Thanks for hint to the gestreamer plugin - a theta gstreamer plugin (that is able to switch the device automatically on and to the right mode) would be one of the most desirable things for many projects…
I hope Linux detects the XBox Controller as joystick
apt install joystick
you could check with
ls /dev/input
and hopefully it shows up as js0 or js1 …
then a quick test with
jstest /dev/input/jsX
I just hardcoded js1 because on my computer even the accelerometer shows up as a joystick. Otherwise, the input velocity [line 471-472] of could just come from a timer (or keyboard, or in the case of a real robot over the network ).
e.g. comment the joystick code out and set the yOffset to 800 and set the xVel to 6. and then slowly it should pan from left to right, each timer-step the xOffset is incremented by xVel.
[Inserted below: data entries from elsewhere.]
lemma cycle_orientation:
  assumes walk: "\<forall>k<m. (f k, f (Suc k)) \<in> undirected G" and inj: "inj_on f {..m}"
    and fm: "f m = b" and const: "\<And>k. k \<le> m \<Longrightarrow> \<phi> (f k) = \<phi> a"
    and Dc: "is_orientation (map (map_prod \<phi> \<phi>) ((a, b) # G)) Dc"
  obtains D where "is_orientation ((a, b) # G) D"
    and "\<forall>k<m. (f k, f (Suc k)) \<in> set D" and "(b, a) \<in> set D"
    and "\<And>x y. (x, y) \<in> set Dc \<Longrightarrow> x \<noteq> y \<Longrightarrow> \<exists>p q. (p, q) \<in> set D \<and> \<phi> p = x \<and> \<phi> q = y"
proof -
  define step where "step e \<longleftrightarrow> (\<exists>k<m. e = (f k, f (Suc k)))" for e
  have step_loop: "\<phi> p = \<phi> q" if "step (p, q)" for p q
    using that const by (auto simp: step_def)
  have not_reversed: "\<not> (step e \<and> step (prod.swap e))" for e
  proof
    assume "step e \<and> step (prod.swap e)"
    then obtain k l where "k < m" "l < m" "f k = f (Suc l)" "f (Suc k) = f l"
      by (auto simp: step_def)
    then have "k = Suc l" "Suc k = l" using inj by (auto dest: inj_onD)
    then show False by simp
  qed
  have "\<phi> b = \<phi> a" using const[of m] fm by simp
  then obtain Dc' where Dc_eq: "Dc = (\<phi> a, \<phi> a) # Dc'"
    and Dc': "is_orientation (map (map_prod \<phi> \<phi>) G) Dc'"
    using Dc by (auto simp: is_orientation_def list_all2_Cons1)
  note lifted = orient_by_list[where P = step, OF Dc' step_loop]
  define D where "D = (b, a) # map2 (orient_by step \<phi>) G Dc'"
  have "is_orientation ((a, b) # G) D" using lifted(1) by (simp add: D_def is_orientation_def)
  moreover have "(f k, f (Suc k)) \<in> set D" if k: "k < m" for k
  proof -
    obtain e where "e \<in> set G" "(f k, f (Suc k)) = e \<or> (f k, f (Suc k)) = prod.swap e"
      using walk k by (auto simp: undirected_def)
    moreover have "step (f k, f (Suc k))" using k by (auto simp: step_def)
    ultimately show ?thesis using lifted(2) not_reversed by (auto simp: D_def)
  qed
  moreover have "\<exists>p q. (p, q) \<in> set D \<and> \<phi> p = x \<and> \<phi> q = y"
    if "(x, y) \<in> set Dc" and "x \<noteq> y" for x y
    using that lifted(3)[of x y] Dc_eq by (auto simp: D_def)
  ultimately show thesis using that by (auto simp: D_def)
qed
On Nano, I often have to reduce the resolution from 4K to 2K. If you want to switch back and forth between 2K and 4K for testing, you can change THETAUVC_MODE_UHD_2997 to THETAUVC_MODE_FHD_2997.
Example.
if (argc > 1 && strcmp("--format", argv[1]) == 0) {
if (argc > 2 && strcmp("4K", argv[2]) == 0) {
printf("THETA live video is 4K");
res = thetauvc_get_stream_ctrl_format_size(devh,
THETAUVC_MODE_UHD_2997, &ctrl);
} else if (argc > 2 && strcmp("2K", argv[2]) == 0) {
printf("THETA live video is 2K");
res = thetauvc_get_stream_ctrl_format_size(devh,
THETAUVC_MODE_FHD_2997, &ctrl);
}
else {
printf("specify video device. --format 4K or --format 2K\n");
goto exit;
}
}
The Xavier seems to handle 4k video transformations better, but at higher cost.
Thanks, I have the feeling that the nano should be able to handle 4K h264 hw accelerated decoding very well… My suspicion is that to use the nvidia decoders properly the data needs to be in the video RAM similar to … nvvidconv with the caps video/x-raw(memory:NVMM). Here we would need to see how to get the data from the app source there … just a guess, will try it out.
Oh, I think you’re right. Now that I think about it, the problem with the Jetson Nano at 4K is in the OpenCV processing or the DetectNet AI, not with the video frames itself.
I am trying to build a wheeled robot with a Ricoh Theta V installed on it to detect objects. Is it possible to turn on the camera automatically when the computer (NUC x86 ubuntu 18.04) is turn on?
Yes, plug the camera into the USB port of the NUC. The camera must be in a power off state, not “sleep”. If it is powered off, the camera will turn on when you turn on the NUC.
You can test this behavior quickly by unplugging and plugging the USB cable back in when the camera is in a “power off” state.
We reported the bug to RICOH a few weeks ago. I have no further information.
Some things to consider:
I do not work for RICOH and do not have information on the development plans
this site does receive sponsorship from RICOH and we do report community feedback back to management
My personal opinion is that I do not think there will be a fix to the V firmware for the USB API unless it is easy to fix. The reason I suspect this is that the THETA V is no longer in production and the Z1 works with wake from sleep from the USB cable.
I realize that this is unfortunate as the Z1 is considerably more expensive than the V. Again, I do not have any special information on RICOH plans. This is just my opinion.
Great to hear. Please post some pictures of your wheeled robot with the NUC. Feel free to start a new topic for what you’re doing with 360 vision on your robot. There’s some information on the robot hugues built here. He may have a more advanced version now.
Feel free to post a new topic as a build log of what you’re doing with the robot and detection algorithms. I’m curious if you’re using the live feed, video to file analysis, or still images. Also, there’s a question of whether the camera is usable using AI training with normal images or if you need to use a fisheye image database.
In order to experiment with the problems and solutions of robots, I built a toy robot myself and mounted the camera on it with a 1/4" by 20tpi bolt.
In it’s current state, the robot has a Raspberry Pi 4 for controlling the robot motors and lights and a separate Jetson Nano for managing the camera. The main reason for two controllers is that the robot toy kit had nice instructions to get it running with the RPi4. I I then simply attached the Nano to the back chassis with zip ties and duct tape. My robot is currently unstable because I’ve maxed out the rechargeable battery power supply current delivery. However, it is still fun to use for testing as I can get a small taste of the excitement of other robot builders.